Python 98.24% Dockerfile 1.76%
dash dashboards pandas python plotly

hinge-data-analysis's Introduction

Overview

Hinge allows users to request an export of their personal data that was collected while they were using the app. If you have a Hinge account, you can request your data by going to Settings -> Download My Data. It typically takes between 24 and 48 hours to fulfill this request, and once the data are ready, Hinge provides a .zip file with your personal data.

The Data Export Provided by Hinge

The data export provided by Hinge contains several files, but the main thing is the index.html file, which is used to render a web page with tabs showing different data. The tabs provided by Hinge are labeled: User, Matches, Prompts, Media, Subscriptions, Fresh Starts, and Selfie Verification. Aside from viewing changes to your prompts or seeing which pictures you've uploaded, these data are not particularly useful, especially on the Matches tab which should be the most interesting part.

The Matches tab in the Hinge export contains a list of "Matches", or rather "interactions" as I call them in this project, like this:

Match # 1 2024-01-22 20:13:22 Like

Match # 2 2024-01-23 20:15:42 Like

Match # 3 2024-01-23 20:37:27 Match

2024-01-23 20:39:45 Chat: Hello, World!

2024-01-23 21:49:26 Remove

The list of Matches provided by Hinge leaves a lot to be desired, which is why I decided to build this project analyzing and visualizing interesting insights from the Hinge data export.

How To Run The App

The application is a multi page Dash Plotly application that runs in a Docker container on port 8050. Create a Docker build image with: docker compose build and run the app with: docker compose up -d. The app will be available at http://0.0.0.0:8050/. To bring the container down, use docker compose down.
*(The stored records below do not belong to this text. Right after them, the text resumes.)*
definition SumP :: "nat \<Rightarrow> (nat \<Rightarrow> nat) set \<Rightarrow> ncpoly" where
  "SumP m T = psum T (\<lambda>\<sigma>. mono (pword m \<sigma>))"

text \<open>beta_m: the additive map on gamma_m sending x_{\<sigma>(1)}...x_{\<sigma>(m)} to
[x_{\<sigma>(1)},...,x_{\<sigma>(m)}]; written as the linear extension
p \<mapsto> \<Sum>_\<sigma> (coefficient of the \<sigma>-monomial in p) * bracket.\<close>
definition beta :: "nat \<Rightarrow> ncpoly \<Rightarrow> ncpoly" where
  "beta m p = psum {\<sigma>. \<sigma> permutes {1..m}}
      (\<lambda>\<sigma> w. p (pword m \<sigma>) * lbr (pword m \<sigma>) w)"

definition shuffle :: "nat \<Rightarrow> nat \<Rightarrow> (nat \<Rightarrow> nat) \<Rightarrow> (nat \<Rightarrow> nat) \<Rightarrow> bool" where
  "shuffle s t \<alpha> \<beta> \<longleftrightarrow>
     strict_mono_on {1..s} \<alpha> \<and> strict_mono_on {1..t} \<beta> \<and>
     \<alpha> ` {1..s} \<subseteq> {1..s+t} \<and> \<beta> ` {1..t} \<subseteq> {1..s+t} \<and>
     \<alpha> ` {1..s} \<inter> \<beta> ` {1..t} = {}"

definition Sh1 :: "nat \<Rightarrow> nat \<Rightarrow> (nat \<Rightarrow> nat) \<Rightarrow> (nat \<Rightarrow> nat) \<Rightarrow> bool" where
  "Sh1 s t \<alpha> \<beta> \<longleftrightarrow> shuffle s t \<alpha> \<beta> \<and> \<alpha> 1 = 1"

definition sigma_tilde :: "(nat \<Rightarrow> nat) \<Rightarrow> (nat \<Rightarrow> nat) \<Rightarrow> nat \<Rightarrow> nat \<Rightarrow> nat \<Rightarrow> nat \<Rightarrow> nat" where
  "sigma_tilde \<alpha> \<beta> k l i j =
     (if 1 \<le> j \<and> j \<le> k then j
      else if k + 1 \<le> j \<and> j \<le> k + i then k + \<beta> (i + 1 - (j - k))
      else if k + i + 1 \<le> j \<and> j \<le> k + l then k + \<alpha> (j - k - i)
      else j)"

definition sigma_abkl :: "(nat \<Rightarrow> nat) \<Rightarrow> (nat \<Rightarrow> nat) \<Rightarrow> nat \<Rightarrow> nat \<Rightarrow> nat \<Rightarrow> nat \<Rightarrow> nat" where
  "sigma_abkl \<alpha> \<beta> k l i = sigma_tilde \<alpha> \<beta> k l i \<circ> ((transpose (1::nat) 2) ^^ i)"

definition Ckl :: "nat \<Rightarrow> nat \<Rightarrow> (nat \<Rightarrow> nat) set" where
  "Ckl k l = {sigma_abkl \<alpha> \<beta> k l i | i \<alpha> \<beta>. i \<le> l - 1 \<and> Sh1 (l - i) i \<alpha> \<beta>}"

end

theory Submission
  imports Defs "HOL-Library.Function_Algebras"
begin

text \<open>Write u = [x_1, \<dots>, x_k] and y_j = x_{k+j}. Iterating the Jacobi identity
[u, [v, y]] = [[u, v], y] - [[u, y], v] expands [u, [y_1, \<dots>, y_l]] into the sum over all
B \<subseteq> {2..l} of (-1)^|B| [u, y_{b_r}, \<dots>, y_{b_1}, y_{c_1}, \<dots>, y_{c_s}], where b_1 < \<dots> < b_r
are the elements of B and c_1 < \<dots> < c_s those of its complement in {1..l}. This bracket word is
the monomial of the permutation in C_{k,l} whose shuffle (\<alpha>, \<beta>) enumerates the c's and the b's,
except that for odd |B| the factor (1,2)^i swaps its first two letters; by antisymmetry of the
bracket this absorbs the sign. As B runs over the subsets of {2..l}, these permutations run
bijectively through C_{k,l}.\<close>

section \<open>Sums, sorted lists and enumerations\<close>

lemma sum_atMost_triangle_swap:
  "(\<Sum>i\<le>n. \<Sum>j\<le>i. g i j) = (\<Sum>j\<le>(n::nat). \<Sum>i\<in>{j..n}. g i j :: 'a::comm_monoid_add)"
proof -
  have "(\<Sum>i\<le>n. \<Sum>j\<le>i. g i j) = (\<Sum>i\<le>n. \<Sum>j\<in>{j\<in>{..n}. j \<le> i}. g i j)"
    by (intro sum.cong) auto
  also have "\<dots> = (\<Sum>j\<le>n. \<Sum>i\<in>{i\<in>{..n}. j \<le> i}. g i j)"
    by (rule sum.swap_restrict) auto
  also have "\<dots> = (\<Sum>j\<le>n. \<Sum>i\<in>{j..n}. g i j)"
    by (intro sum.cong) auto
  finally show ?thesis .
qed

lemma sum_Pow_insert:
  assumes "finite A" "a \<notin> A"
  shows "(\<Sum>B\<in>Pow (insert a A). g B) = (\<Sum>B\<in>Pow A. g B) + (\<Sum>B\<in>Pow A. g (insert a B))"
proof -
  have "inj_on (insert a) (Pow A)"
    using assms(2) by (intro inj_onI) (metis PowD insert_ident subsetD)
  moreover have "Pow A \<inter> insert a ` Pow A = {}"
    using assms(2) by auto
  ultimately show ?thesis
    using assms(1) by (simp add: Pow_insert sum.union_disjoint sum.reindex)
qed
The page will render with information about the app and instructions on how to use it.

The "Upload Files" section allows users to upload a matches.json or user.json file for analysis. At the moment, the program expects the file to be called matches.json or user.json, as they are in the export provided by Hinge. After a file has been selected, it should show the uploaded file name(s) under the upload box.
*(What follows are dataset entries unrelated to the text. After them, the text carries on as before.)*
(* Consider the following permutation model $\mathcal V$ (in $\mathsf{ZFA}$ with choice in the ground). The set of atoms is $A=\bigcup_{n\in\omega}P_n$, where $P_n=\{a_n,b_n,c_n\}$ are pairwise disjoint 3-element sets, each carrying the cyclic order $a_n\to b_n\to c_n\to a_n$. Let $G$ be the group of all permutations $\pi$ of $A$ such that $\pi[P_n]=P_n$ for all $n$ and $\pi$ preserves each cyclic ordering (i.e. $\pi\restriction P_n$ is a power of the 3-cycle $(a_n\,b_n\,c_n)$ for every $n$). Let $\mathcal V$ be the class of hereditarily symmetric sets with respect to finite supports. Let $\mathfrak m=|A|$. Then in $\mathcal V$: $$[\mathfrak m]^2<\mathfrak m^2<\mathrm{seq}^{1-1}(\mathfrak m)<\mathrm{fin}(\mathfrak m).$$
   Context: Permutation model: $\pi\in G$ acts on sets by $\pi x=\{\pi y:y\in x\}$; $\mathrm{Fix}_G(E)=\{\pi\in G:\pi a=a\ \forall a\in E\}$; a set $x$ is symmetric if for some finite $E\subseteq A$, every $\pi\in\mathrm{Fix}_G(E)$ satisfies $\pi x=x$; $\mathcal V$ is the class of hereditarily symmetric sets. For a set $M$: $M^2=M\times M$, $[M]^2$ = 2-element subsets, $\mathrm{seq}^{1-1}(M)$ = finite sequences without repetition, $\mathrm{fin}(M)$ = finite subsets; for $\mathfrak m=|M|$ the corresponding symbols denote cardinalities. $|X|<|Y|$ means an injection $X\to Y$ exists but no bijection. *)

theory Defs
  imports Main "HOL-Library.Numeral_Type"
begin

text \<open>Atoms: the atom (n, i) with i in Z/3 stands for a_n, b_n, c_n (i = 0, 1, 2);
  P_n = {(n,0),(n,1),(n,2)} with cyclic order i -> i+1.\<close>
type_synonym atom = "nat \<times> 3"

definition Grp :: "(atom \<Rightarrow> atom) set" where
  "Grp = {\<pi>. \<exists>k :: nat \<Rightarrow> 3. \<forall>n i. \<pi> (n, i) = (n, i + k n)}"

definition Fix :: "atom set \<Rightarrow> (atom \<Rightarrow> atom) set" where
  "Fix E = {\<pi> \<in> Grp. \<forall>a\<in>E. \<pi> a = a}"

definition act_set :: "(atom \<Rightarrow> atom) \<Rightarrow> atom set \<Rightarrow> atom set" where
  "act_set \<pi> x = \<pi> ` x"

definition act_pair :: "(atom \<Rightarrow> atom) \<Rightarrow> atom \<times> atom \<Rightarrow> atom \<times> atom" where
  "act_pair \<pi> p = (\<pi> (fst p), \<pi> (snd p))"

definition act_list :: "(atom \<Rightarrow> atom) \<Rightarrow> atom list \<Rightarrow> atom list" where
  "act_list \<pi> xs = map \<pi> xs"

text \<open>A function f : X -> Y (as a set of pairs) is symmetric, i.e. lies in the
  permutation model, iff it has a finite support E: every pi in Fix E satisfies
  pi f = f, i.e. f (pi x) = pi (f x) for x in X.\<close>
definition symmetric_map ::
  "((atom \<Rightarrow> atom) \<Rightarrow> 'x \<Rightarrow> 'x) \<Rightarrow> ((atom \<Rightarrow> atom) \<Rightarrow> 'y \<Rightarrow> 'y) \<Rightarrow> 'x set \<Rightarrow> ('x \<Rightarrow> 'y) \<Rightarrow> bool" where
  "symmetric_map actX actY X f \<longleftrightarrow>
     (\<exists>E. finite E \<and> (\<forall>\<pi>\<in>Fix E. \<forall>x\<in>X. f (actX \<pi> x) = actY \<pi> (f x)))"

definition V_le ::
  "'x set \<Rightarrow> ((atom \<Rightarrow> atom) \<Rightarrow> 'x \<Rightarrow> 'x) \<Rightarrow> 'y set \<Rightarrow> ((atom \<Rightarrow> atom) \<Rightarrow> 'y \<Rightarrow> 'y) \<Rightarrow> bool" where
  "V_le X actX Y actY \<longleftrightarrow>
     (\<exists>f. inj_on f X \<and> f ` X \<subseteq> Y \<and> symmetric_map actX actY X f)"

definition V_eqpoll ::
  "'x set \<Rightarrow> ((atom \<Rightarrow> atom) \<Rightarrow> 'x \<Rightarrow> 'x) \<Rightarrow> 'y set \<Rightarrow> ((atom \<Rightarrow> atom) \<Rightarrow> 'y \<Rightarrow> 'y) \<Rightarrow> bool" where
  "V_eqpoll X actX Y actY \<longleftrightarrow>
     (\<exists>f. bij_betw f X Y \<and> symmetric_map actX actY X f)"

definition V_less ::
  "'x set \<Rightarrow> ((atom \<Rightarrow> atom) \<Rightarrow> 'x \<Rightarrow> 'x) \<Rightarrow> 'y set \<Rightarrow> ((atom \<Rightarrow> atom) \<Rightarrow> 'y \<Rightarrow> 'y) \<Rightarrow> bool" where
  "V_less X actX Y actY \<longleftrightarrow> V_le X actX Y actY \<and> \<not> V_eqpoll X actX Y actY"

end

theory Submission
  imports Defs "HOL-Library.Countable" "HOL-Library.Nat_Bijection"
begin

text \<open>Every permutation in G shifts the atoms cyclically inside their blocks, and for a block n
  that does not meet a support E the rotation of block n lies in Fix E. So a map supported by E
  cannot make an object involve a block outside E that its argument does not involve, and an
  injective such map cannot lose such a block either. This kills the three bijections: the pairs
  of atoms from two fresh blocks taken in either order would both come from 2-sets meeting both
  blocks, which some permutation fixing E maps onto each other; a sequence of three atoms from
  fresh blocks would come from a pair of only two atoms; and the infinitely many whole blocks,
  which every permutation fixes, would come from the finitely many sequences over the blocks of E.
  The injections are equivariant constructions: a 2-set is ordered by block index and, within a
  block, by the cyclic order; a pair becomes a sequence of length one or two; and a sequence
  becomes the set of the first atoms it has in each block it meets, together with a whole block
  whose index codes the shift-invariant shape of the sequence relative to these anchors.\<close>

lemma num3_cases: "(x::3) = 0 \<or> x = 1 \<or> x = 2"
proof (cases x)
  case (of_int z)
  then have "z = 0 \<or> z = 1 \<or> z = 2" by auto
  then show ?thesis using of_int by auto
qed

lemma finite_nat_set_avoids_tail: "finite (N :: nat set) \<Longrightarrow> \<exists>M. \<forall>n\<ge>M. n \<notin> N"
  using finite_nat_set_iff_bounded[of N] by (meson leD)

subsection \<open>The group as shifts\<close>

definition shift :: "(nat \<Rightarrow> 3) \<Rightarrow> atom \<Rightarrow> atom" where
  "shift k a = (fst a, snd a + k (fst a))"

lemma fst_shift [simp]: "fst (shift k a) = fst a"
  and snd_shift [simp]: "snd (shift k a) = snd a + k (fst a)"
  by (simp_all add: shift_def)

lemma Grp_eq_range_shift: "Grp = range shift"
  unfolding Grp_def shift_def by (auto intro!: ext)

lemma shift_in_Fix_iff: "shift k \<in> Fix E \<longleftrightarrow> (\<forall>n\<in>fst ` E. k n = 0)"
  unfolding Fix_def Grp_eq_range_shift by (auto simp: prod_eq_iff)

lemma Fix_subset_range_shift: "Fix E \<subseteq> range shift"
  unfolding Fix_def Grp_eq_range_shift by blast

lemma inj_on_shift: "inj_on (shift k) A"
  by (rule inj_onI) (auto simp: prod_eq_iff)

lemma shift_eq_iff: "shift k a = shift k b \<longleftrightarrow> a = b"
  using inj_on_shift[of k UNIV] by (simp add: inj_eq)

lemma shift_image_block: "shift k ` ({n} \<times> UNIV) = {n} \<times> UNIV"
proof
  show "{n} \<times> UNIV \<subseteq> shift k ` ({n} \<times> UNIV)"
  proof
    fix a :: atom assume "a \<in> {n} \<times> UNIV"
    then have "a = shift k (n, snd a - k n)" by (auto simp: prod_eq_iff)
    then show "a \<in> shift k ` ({n} \<times> UNIV)" by blast
  qed
qed (auto simp: shift_def)

lemma exists_shift_on_two_blocks:
  assumes "fst a \<noteq> fst b" "fst a' = fst a" "fst b' = fst b"
  obtains k where "shift k a = a'" "shift k b = b'" "\<And>n. n \<notin> {fst a, fst b} \<Longrightarrow> k n = 0"
  using assms
  by (intro that[of "\<lambda>n. if n = fst a then snd a' - snd a else if n = fst b then snd b' - snd b else 0"])
    (auto simp: prod_eq_iff)

definition rot :: "nat \<Rightarrow> atom \<Rightarrow> atom" where
  "rot n = shift (\<lambda>m. if m = n then 1 else 0)"

lemma rot_in_Fix: "n \<notin> fst ` E \<Longrightarrow> rot n \<in> Fix E"
  unfolding rot_def shift_in_Fix_iff by auto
Screenshot-2024-05-25-at-10-12-48.png

The "Data Insights" section contains links to display pages with data related to match data or user data. Click on "Matches" or "Users" to show the information and graphs for either topic. The visualizations will initially show as blank graphs until a file has been upload and the graphs have been reloaded. Clicking the "Reload Graphs" button will regenerate the graphs with the uploaded data.

Match Analytics

The match analytics page contains several graphs that show different aspects of the match data. Hinge only provides data on the user's actions for privacy reasons, so most of the data pertains to how the user interacted with other users.

The first graph is the Interaction Funnel, which is a visualization of the different types of interactions that occurred between the user and other users. The outermost part of the funnel "Distinct Interactions" is the total number of unique interactions that occurred. This is a combination of likes the user received and did not reciprocate, likes the user sent and were not reciprocated, and likes the user sent that lead to matches and chats.

The funnel is a good way to see how many interactions were initiated by the user and how many lead to matches and conversations.

Screenshot-2024-05-25-at-10-17-24.png

The Outgoing Likes You've Sent section contains charts that go into more detail about the user's outgoing likes. The first chart shows users on the app that the user liked more than once. This scenario is perplexing, as it is not clear how this can happen, but does occur infrequently in the data. The second pie chart to the right shows the ratio of how many outgoing likes the user sent with a comment.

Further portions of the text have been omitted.